The opportunities are there for financial service providers willing to
look outside their traditional comfort zone. Can you see them?
Tearing a Page Out of the Amazon Playbook
Financial service providers can either tear a page out of the Amazon
playbook, so to speak, or hang back and wait, hoping that others won’t
be successful at building open service platforms that compete with them.
The good news is that it is relatively early the transition and a number
of options are available:
- What would it look like if a financial institution were to build a
bill-paying platform? What functionality would need to be exposed? What
incremental applications might be built by others? - What is the platform play in check truncation? With the pending Check
21 Act likely to be signed into law later this year, what opportunities
are available for opportunistic institutions to create an interesting
image replacement platform? - How might enterprising startups add value to the tried and true cash
management functions of a "platform bank" through a clearly
documented, callable cash management interface?
Some companies are already making their moves. CyberSource recently announced
that it now provides a complete Web services interface to its payment
processing capabilities. While this is unlikely to be a competitive differentiator
in the long run, it will be a decisive factor for leading edge merchants.
Intuit has also switched gears and is aggressively courting developers
to extend their services into industry verticals in ways that Intuit simply
wouldn’t ever get to on its own. As a sweetener for developers, Intuit
has made it clear that the most innovative of those application developers
will be high on Intuit’s potential acquisition target list.
What’s My Motivation?
Organizations shifting to a open service platform model have clear goals.
First, they hope to encourage incremental innovation that adds value to
their core offering or core service using the resources of others. It’s
also a realization that most of the good ideas in the world don’t come
from your own staff.
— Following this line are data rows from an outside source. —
(* Let $V$ be a finite-dimensional real vector space with a non-degenerate inner product of signature $(p,q)$, $p,q\ge1$, $p+q\ge3$; let $Q(v)=(v,v)$ and $\mathcal{I}=Q\cdot\mathbb{R}[V,\mathbb{R}]$. Let $W$ be a finite-dimensional real vector space of dimension $w$ and $r\le w$. Let $\Delta$ be an $\mathbb{R}[V,\mathbb{R}]$-submodule of $\mathbb{R}[V,W]$ such that $Q\cdot x\in\Delta$ implies $x\in\Delta$. If there exist $x_1,\dots,x_r\in\Delta$ with $I(x_1,\dots,x_r)\ne\{0\}$, then there exist $x_1,\dots,x_r\in\Delta$ with $k(x_1,\dots,x_r)=0$, i.e. with $I(x_1,\dots,x_r)\not\subset\mathcal{I}$.
   Context: $\mathbb{R}[V,\mathbb{R}]$ is the ring of real polynomial functions on $V$ and $\mathbb{R}[V,W]$ the module of polynomial maps $V\to W$. For $x_1,\dots,x_r\in\mathbb{R}[V,W]$ and a basis of $W$, $I(x_1,\dots,x_r)$ is the ideal generated by all $r\times r$ minors of the $w\times r$ matrix whose $i$-th column is the coordinate vector of $x_i$ (independent of basis). If $I(x_1,\dots,x_r)\neq\{0\}$, $k(x_1,\dots,x_r)$ is the smallest integer $k\ge0$ with $I(x_1,\dots,x_r)\not\subset\mathcal{I}^{k+1}$. *)

theory Defs
  imports "HOL-Analysis.Analysis" "HOL-Combinatorics.Permutations"
begin

inductive poly_fun :: "('v::real_vector \<Rightarrow> real) \<Rightarrow> bool" where
  const: "poly_fun (\<lambda>v. c)"
| lin: "linear l \<Longrightarrow> poly_fun l"
| add: "poly_fun f \<Longrightarrow> poly_fun g \<Longrightarrow> poly_fun (\<lambda>v. f v + g v)"
| mult: "poly_fun f \<Longrightarrow> poly_fun g \<Longrightarrow> poly_fun (\<lambda>v. f v * g v)"

definition poly_map :: "('v::real_vector \<Rightarrow> 'w::euclidean_space) \<Rightarrow> bool" where
  "poly_map x \<longleftrightarrow> (\<forall>b\<in>Basis. poly_fun (\<lambda>v. x v \<bullet> b))"

definition poly_submodule :: "('v::real_vector \<Rightarrow> 'w::euclidean_space) set \<Rightarrow> bool" where
  "poly_submodule D \<longleftrightarrow> D \<subseteq> {x. poly_map x} \<and> (\<lambda>v. 0) \<in> D \<and>
     (\<forall>x\<in>D. \<forall>y\<in>D. (\<lambda>v. x v + y v) \<in> D) \<and>
     (\<forall>f x. poly_fun f \<longrightarrow> x \<in> D \<longrightarrow> (\<lambda>v. f v *\<^sub>R x v) \<in> D)"

definition ideal_gen :: "('v::real_vector \<Rightarrow> real) set \<Rightarrow> ('v \<Rightarrow> real) set" where
  "ideal_gen G = {(\<lambda>v. \<Sum>i<n. f i v * g i v) | (n::nat) f g. \<forall>i<n. poly_fun (f i) \<and> g i \<in> G}"

definition det_nat :: "nat \<Rightarrow> (nat \<Rightarrow> nat \<Rightarrow> real) \<Rightarrow> real" where
  "det_nat r M = (\<Sum>p\<in>{p. p permutes {..<r}}. of_int (sign p) * (\<Prod>i<r. M i (p i)))"

text \<open>All r x r minors of the w x r matrix whose j-th column is the coordinate vector
  of x_j (rows chosen by an injective selection of r basis vectors of W).\<close>
definition minors :: "nat \<Rightarrow> (nat \<Rightarrow> 'v::real_vector \<Rightarrow> 'w::euclidean_space) \<Rightarrow> ('v \<Rightarrow> real) set" where
  "minors r xs = {(\<lambda>v. det_nat r (\<lambda>i j. xs j v \<bullet> \<sigma> i)) | \<sigma>.
                    inj_on \<sigma> {..<r} \<and> \<sigma> ` {..<r} \<subseteq> Basis}"

definition minor_ideal :: "nat \<Rightarrow> (nat \<Rightarrow> 'v::real_vector \<Rightarrow> 'w::euclidean_space) \<Rightarrow> ('v \<Rightarrow> real) set" where
  "minor_ideal r xs = ideal_gen (minors r xs)"

definition has_signature :: "('v::euclidean_space \<Rightarrow> 'v \<Rightarrow> real) \<Rightarrow> nat \<Rightarrow> nat \<Rightarrow> bool" where
  "has_signature B p q \<longleftrightarrow> bilinear B \<and> (\<forall>u v. B u v = B v u) \<and> p + q = DIM('v) \<and>
     (\<exists>e::nat \<Rightarrow> 'v. inj_on e {..<p+q} \<and> independent (e ` {..<p+q}) \<and>
        span (e ` {..<p+q}) = UNIV \<and>
        (\<forall>i<p+q. \<forall>j<p+q. i \<noteq> j \<longrightarrow> B (e i) (e j) = 0) \<and>
        (\<forall>i<p. B (e i) (e i) = 1) \<and> (\<forall>i. p \<le> i \<and> i < p+q \<longrightarrow> B (e i) (e i) = -1))"

end

theory Submission
  imports Defs "Jordan_Normal_Form.Determinant"
begin

(* Q is a prime element of R[V] when p, q >= 1 and p + q >= 3.  Normalise B(e, e) = 1 and put
   l = B(-, e).  Modulo Q every polynomial is congruent to a l + b with a, b constant along e,
   and l^2 is congruent to the discriminant S = l^2 - Q, which is constant along e as well; so
   R[V]/(Q) behaves like R[V'][l]/(l^2 - S).  Near a vector u orthogonal to e with Q(u) > 0 we
   have S < 0, and there such classes multiply like complex numbers, without zero divisors.

   Now let x_1, ..., x_r in Delta have a nonzero r-minor M = Q^k h with Q not dividing h, and
   k > 0.  Take a largest minor of the x_i not divisible by Q, of size rho < r, and add to its
   rows a row x_j not among them.  With c_0, ..., c_rho the cofactors of the last column of the
   resulting rho + 1 rows, z = sum c_i x_(tau i) lies in Delta and each coordinate of z is a
   (rho + 1)-minor, hence a multiple of Q.  Saturation gives y in Delta with Q y = z, and
   replacing x_j by y turns each r-minor m into c_rho m / Q, where c_rho is the chosen minor.
   As Q is prime and does not divide c_rho, the exponent k drops by one. *)

no_notation Matrix.scalar_prod (infix "\<bullet>" 70)

section \<open>Polynomial functions\<close>

lemma poly_fun_cmult: "poly_fun f \<Longrightarrow> poly_fun (\<lambda>v. c * f v)"
  by (rule poly_fun.mult[OF poly_fun.const])

lemma poly_fun_uminus: "poly_fun f \<Longrightarrow> poly_fun (\<lambda>v. - f v)"
  using poly_fun_cmult[of f "-1"] by simp

lemma poly_fun_diff: "poly_fun f \<Longrightarrow> poly_fun g \<Longrightarrow> poly_fun (\<lambda>v. f v - g v)"
  using poly_fun.add[OF _ poly_fun_uminus, of f g] by simp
While you might very well have lots of smart people
in your organization, they are also aware of and sensitive to the inevitable
organizational constraints that tend to restrain innovation.
As we identified in our "Top
Trends 2003" Advisory Report, financial institutions are also
moving towards cross-border outsourcing in an attempt to reduce in-house
development costs. Can your organization also move a step beyond simple
outsourcing to reduce costs and towards the service platform model that
enhances innovation, expands your reach—all the while shifting development
costs from your budget to your partner’s budget?
As Amazon.com likes to point out, there are now many more developers
enhancing Amazon outside of Amazon than in the development organization
inside Amazon. That’s your motivation. What’s your strategy?